Cinq mois après la tentative d’assassinat dont il a été victime, Alexei Navalny est retourné hier soir à Moscou, pour être aussitôt arrêté à l’aéroport. Une affaire qui pourrait devenir la première crise entre l’administration Biden et la Russie de Poutine.

Alexei Navalny et son épouse Iulia à leur arrivée à l’aéroport Cheremetievo de Moscou, dimanche 17 janvier, quelques instants avant l’arrestation de l’opposant russe.
Alexei Navalny et son épouse Iulia à leur arrivée à l’aéroport Cheremetievo de Moscou, dimanche 17 janvier, quelques instants avant l’arrestation de l’opposant russe. © AFP / Kirill KUDRYAVTSEV / AFP

Qu’on soit d’accord avec lui ou pas, il faut reconnaître une sacrée dose de courage à Alexei Navalny. Cet opposant à Vladimir Poutine a failli mourir il y a cinq mois dans une tentative d’assassinat imputée au Kremlin ; or après avoir été soigné en Allemagne, il a décidé de retourner à Moscou ; de se jeter dans la gueule du loup.

C’est exactement ce qui s’est passé puisque son retour a été la chronique d’une arrestation annoncée. Un mandat d’arrêt a été émis contre l’opposant, pour ne pas avoir respecté les règles de son contrôle judiciaire, lié à une peine de prison avec sursis. Il lui est reproché de ne pas s’être présenté à un commissariat comme il en avait l’obligation, alors qu’il était en soigné en Allemagne pour un empoisonnement provoqué par des agents russes. Littéralement kafkaien !

Son retour hier soir, en compagnie de son épouse Iulia, et de dizaines de journalistes, s’est conclu comme prévu par son arrestation, filmée en direct et retransmise en streaming au monde entier. Alexei Navalny a donc été mis en détention hier soir, par ceux qui ont tenté de l’assassiner.

Alexei Navalny a toujours refusé l’option de l’exil. C’est à ses yeux une mort politique douce. Il en veut pour exemple Mikhaïl Khodorkhovski, l’ancien oligarque qui avait défié Poutine en 2003, effectué dix ans de prison avant d’être autorisé à quitter le pays. Il a vainement tenté de mobiliser contre Poutine de l’étranger, mais son impact en Russie est faible.

Pour Navalny, un ancien avocat de 44 ans devenu la figure de proue de l’opposition, il y a une dimension sacrificielle dans l’engagement politique dans un pays comme la Russie. Il a déjà subi d’innombrables arrestations, une attaque à l’acide qui a failli le rendre aveugle, et enfin cette tentative d’assassinat au Novitchok, une arme chimique produit par l’État russe, et dont les enquêtes montrent qu’elle fut menée par des agents en service commandé.

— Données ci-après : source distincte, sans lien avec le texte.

(* Let $\delta_\ell=94/194$. Let $G=(V,E)$ be an $(n-4)$-regular graph on $n>4$ nodes in which every clique has at most $\delta_\ell n$ nodes. Let $V_i\subseteq V$ with $|V_i|=(\frac12+\delta)n$ for some $0<\delta<\frac12$, and let $\widehat{\alpha}\,n$ be the number of nodes of a largest clique in the subgraph induced by $V\setminus V_i$. Then $$n(n-4)\,\mathsf M(V_i)\le\Big(4\delta^2-\delta-\tfrac12+2\widehat\alpha\Big)n\le\Big(2\delta_\ell-\tfrac12\Big)n.$$
   Context: For a finite simple undirected graph $G=(V,E)$ with $m=|E|\ge1$ edges, degrees $d_v$, and $a_{u,v}=1$ if $\{u,v\}\in E$ and $0$ otherwise: for $C\subseteq V$, $\mathsf M(C)=\frac{1}{2m}\sum_{u\in C}\sum_{v\in C}\big(a_{u,v}-\frac{d_ud_v}{2m}\big)$, the sum over all ordered pairs including $u=v$. *)

theory Defs
  imports "HOL-Analysis.Analysis"
begin

definition simple_graph :: "'a set \<Rightarrow> 'a set set \<Rightarrow> bool" where
  "simple_graph V E \<longleftrightarrow> finite V \<and> (\<forall>e\<in>E. \<exists>u v. e = {u, v} \<and> u \<noteq> v \<and> u \<in> V \<and> v \<in> V)"

definition adj :: "'a set set \<Rightarrow> 'a \<Rightarrow> 'a \<Rightarrow> real" where
  "adj E u v = (if {u, v} \<in> E then 1 else 0)"

definition degree :: "'a set set \<Rightarrow> 'a \<Rightarrow> nat" where
  "degree E v = card {u. {u, v} \<in> E}"

definition num_edges :: "'a set set \<Rightarrow> nat" where
  "num_edges E = card E"

text \<open>Modularity of a vertex set C (sum over all ordered pairs, including u = v).\<close>
definition modularity :: "'a set set \<Rightarrow> 'a set \<Rightarrow> real" where
  "modularity E C = 1 / (2 * real (num_edges E)) *
     (\<Sum>u\<in>C. \<Sum>v\<in>C. adj E u v - real (degree E u) * real (degree E v) / (2 * real (num_edges E)))"

definition regular :: "'a set \<Rightarrow> 'a set set \<Rightarrow> nat \<Rightarrow> bool" where
  "regular V E k \<longleftrightarrow> (\<forall>v\<in>V. degree E v = k)"

definition clique :: "'a set set \<Rightarrow> 'a set \<Rightarrow> bool" where
  "clique E K \<longleftrightarrow> (\<forall>u\<in>K. \<forall>v\<in>K. u \<noteq> v \<longrightarrow> {u, v} \<in> E)"

text \<open>Number of nodes of a largest clique in the subgraph of (V,E) induced by S \<subseteq> V
  (cliques of the induced subgraph are exactly the cliques of G contained in S).\<close>
definition max_clique_size :: "'a set set \<Rightarrow> 'a set \<Rightarrow> nat" where
  "max_clique_size E S = Max {card K | K. K \<subseteq> S \<and> clique E K}"

definition delta_l :: real where
  "delta_l = 94 / 194"

end

theory Submission
  imports Defs
begin

text \<open>
  Work in the complement graph: nb E u v indicates a non-adjacent pair
  of distinct vertices, and nonadj E A B counts such ordered pairs between A and B.
  In an (n-4)-regular graph on n vertices every vertex has exactly 3 non-neighbours,
  so with C = V - Vi double counting gives nonadj Vi Vi = nonadj C C + 3(|Vi| - |C|).
  Greedily deleting one endpoint of a non-adjacent pair shows that C contains a clique K
  with 2(|C| - |K|) <= nonadj C C, and |K| is at most the largest clique in C.
  The modularity of Vi in a d-regular graph is, after the handshake lemma 2m = n d,
  an explicit expression in |Vi| and nonadj Vi Vi; inserting the two bounds gives the
  first inequality.  The second one is the elementary estimate
  4 delta^2 - delta + 2 alpha <= 2 b for alpha <= b, alpha <= 1/2 - delta, b >= 1/4.
\<close>

lemma simple_graph_no_loop:
  assumes "simple_graph V E" shows "{u} \<notin> E"
proof
  assume "{u} \<in> E"
  then obtain a b where "{u} = {a, b}" "a \<noteq> b"
    using assms by (auto simp: simple_graph_def)
  then show False by (metis doubleton_eq_iff insert_absorb2)
qed

lemma simple_graph_edge_in_vertices:
  assumes "simple_graph V E" and "{w, u} \<in> E" shows "w \<in> V"
  using assms by (auto simp: simple_graph_def doubleton_eq_iff)

lemma simple_graph_finite_edges:
  assumes "simple_graph V E" shows "finite E"
proof (rule finite_subset)
  show "E \<subseteq> Pow V" using assms by (auto simp: simple_graph_def)
  show "finite (Pow V)" using assms by (simp add: simple_graph_def)
qed

lemma degree_eq_card_incident:
  assumes "simple_graph V E" shows "degree E u = card {e\<in>E. u \<in> e}"
proof -
  have "bij_betw (\<lambda>w. {w, u}) {w. {w, u} \<in> E} {e\<in>E. u \<in> e}"
  proof (rule bij_betwI')
    fix x y show "({x, u} = {y, u}) = (x = y)" by (auto simp: doubleton_eq_iff)
  next
    fix e assume e: "e \<in> {e\<in>E. u \<in> e}"
    then obtain a b where ab: "e = {a, b}" using assms by (auto simp: simple_graph_def)
    show "\<exists>x\<in>{w. {w, u} \<in> E}. e = {x, u}"
    proof (cases "u = a")
      case True then show ?thesis using e ab by (intro bexI[of _ b]) (auto simp: insert_commute)
    next
      case False then show ?thesis using e ab by (intro bexI[of _ a]) auto
    qed
  qed auto
  then show ?thesis unfolding degree_def by (rule bij_betw_same_card)
qed

text \<open>Handshake lemma: every edge has exactly two endpoints in V.\<close>
lemma handshake:
  assumes "simple_graph V E" shows "(\<Sum>u\<in>V. degree E u) = 2 * card E"
proof -
  have finV: "finite V" using assms by (simp add: simple_graph_def)
  have "(\<Sum>u\<in>V. card {e\<in>E. u \<in> e}) = (\<Sum>e\<in>E. card {u\<in>V. u \<in> e})"
    using sum.swap_restrict[OF finV simple_graph_finite_edges[OF assms],
        of "\<lambda>_ _. (1::nat)" "\<lambda>u e. u \<in> e"] by simp
  also have "\<dots> = (\<Sum>e\<in>E. 2)"
  proof (rule sum.cong)
    fix e assume "e \<in> E"
    then obtain a b where "e = {a, b}" "a \<noteq> b" "a \<in> V" "b \<in> V"
      using assms by (auto simp: simple_graph_def)
    then have "{u\<in>V. u \<in> e} = {a, b}" by auto
    then show "card {u\<in>V. u \<in> e} = 2" using \<open>a \<noteq> b\<close> by simp
  qed simp
  finally show ?thesis by (simp add: degree_eq_card_incident[OF assms])
qed

lemma regular_twice_edges:
  assumes "simple_graph V E" and "regular V E d" and "card V = n"
  shows "2 * real (num_edges E) = real n * real d"
proof -
  have "(\<Sum>u\<in>V. degree E u) = n * d"
    using assms(2,3) by (simp add: regular_def)
  then show ?thesis
    using handshake[OF assms(1)] unfolding num_edges_def by (metis of_nat_mult of_nat_numeral)
qed

definition nb :: "'a set set \<Rightarrow> 'a \<Rightarrow> 'a \<Rightarrow> real" where
  "nb E u v = (if u \<noteq> v \<and> {u, v} \<notin> E then 1 else 0)"

definition nonadj :: "'a set set \<Rightarrow> 'a set \<Rightarrow> 'a set \<Rightarrow> real" where
  "nonadj E A B = (\<Sum>x\<in>A. \<Sum>y\<in>B. nb E x y)"

lemma nb_sym: "nb E u v = nb E v u"
  by (simp add: nb_def insert_commute eq_commute)

lemma nb_nonneg: "nb E u v \<ge> 0"
  by (simp add: nb_def)

lemma nonadj_sym: "nonadj E A B = nonadj E B A"
  unfolding nonadj_def by (subst sum.swap) (simp add: nb_sym)

lemma adj_eq_nb:
  assumes "simple_graph V E"
  shows "adj E u v = 1 - nb E u v - (if u = v then 1 else 0)"
  using simple_graph_no_loop[OF assms] by (auto simp: adj_def nb_def)

lemma nonneighbour_count:
  assumes "simple_graph V E" and "u \<in> V"
  shows "(\<Sum>v\<in>V. nb E u v) = real (card V) - 1 - real (degree E u)"
proof -
  have finV: "finite V" using assms by (simp add: simple_graph_def)
  have "{w. {w, u} \<in> E} = {v\<in>V. {u, v} \<in> E}"
    using simple_graph_edge_in_vertices[OF assms(1)] by (auto simp: insert_commute)
  then have "real (degree E u) = (\<Sum>v\<in>V. adj E u v)"
    unfolding degree_def adj_def by (simp add: sum.If_cases finV Collect_conj_eq Int_commute)
  also have "\<dots> = real (card V) - (\<Sum>v\<in>V. nb E u v) - 1"
    using assms finV by (simp add: adj_eq_nb[OF assms(1)] sum_subtractf)
  finally show ?thesis by simp
qed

Il connait aussi le sort de nombreux opposants, comme Boris Nemtsov, assassiné en 2015 à quelques dizaines de mètres du Kremlin ; ou la journaliste Anna Politovskaia, abattue en 2006 dans l’ascenseur de son immeuble à Moscou. Navalny connait le risque, et pourtant il est rentré.

Le Kremlin mise sur un impact faible de son arrestation, bien moindre que l’ampleur internationale que prend cette affaire. 

Alexei Navalny s’est fait connaître comme blogueur anticorruption, maniant habilement les codes d’internet, révélant plusieurs affaires liées au Kremlin sur sa chaîne YouTube. Mais ses ambitions politiques se heurtent à un État autoritaire tout puissant, qui limite son soutien à la jeunesse des grandes villes.

Il n’est pas indifférent que la tentative d’assassinat dont il a été victime se soit produite alors qu’il faisait campagne pour les élections municipales en Sibérie, là où la population était descendue dans la rue pour soutenir un gouverneur arbitrairement limogé. Il y avait danger.

En revanche, s’il est condamné, ça deviendra une affaire internationale, le premier test de la présidence Biden. S’il reste en prison, le sort d’Alexei Navalny a le potentiel pour devenir la première crise internationale, entre la nouvelle administration américaine et la Russie de Poutine.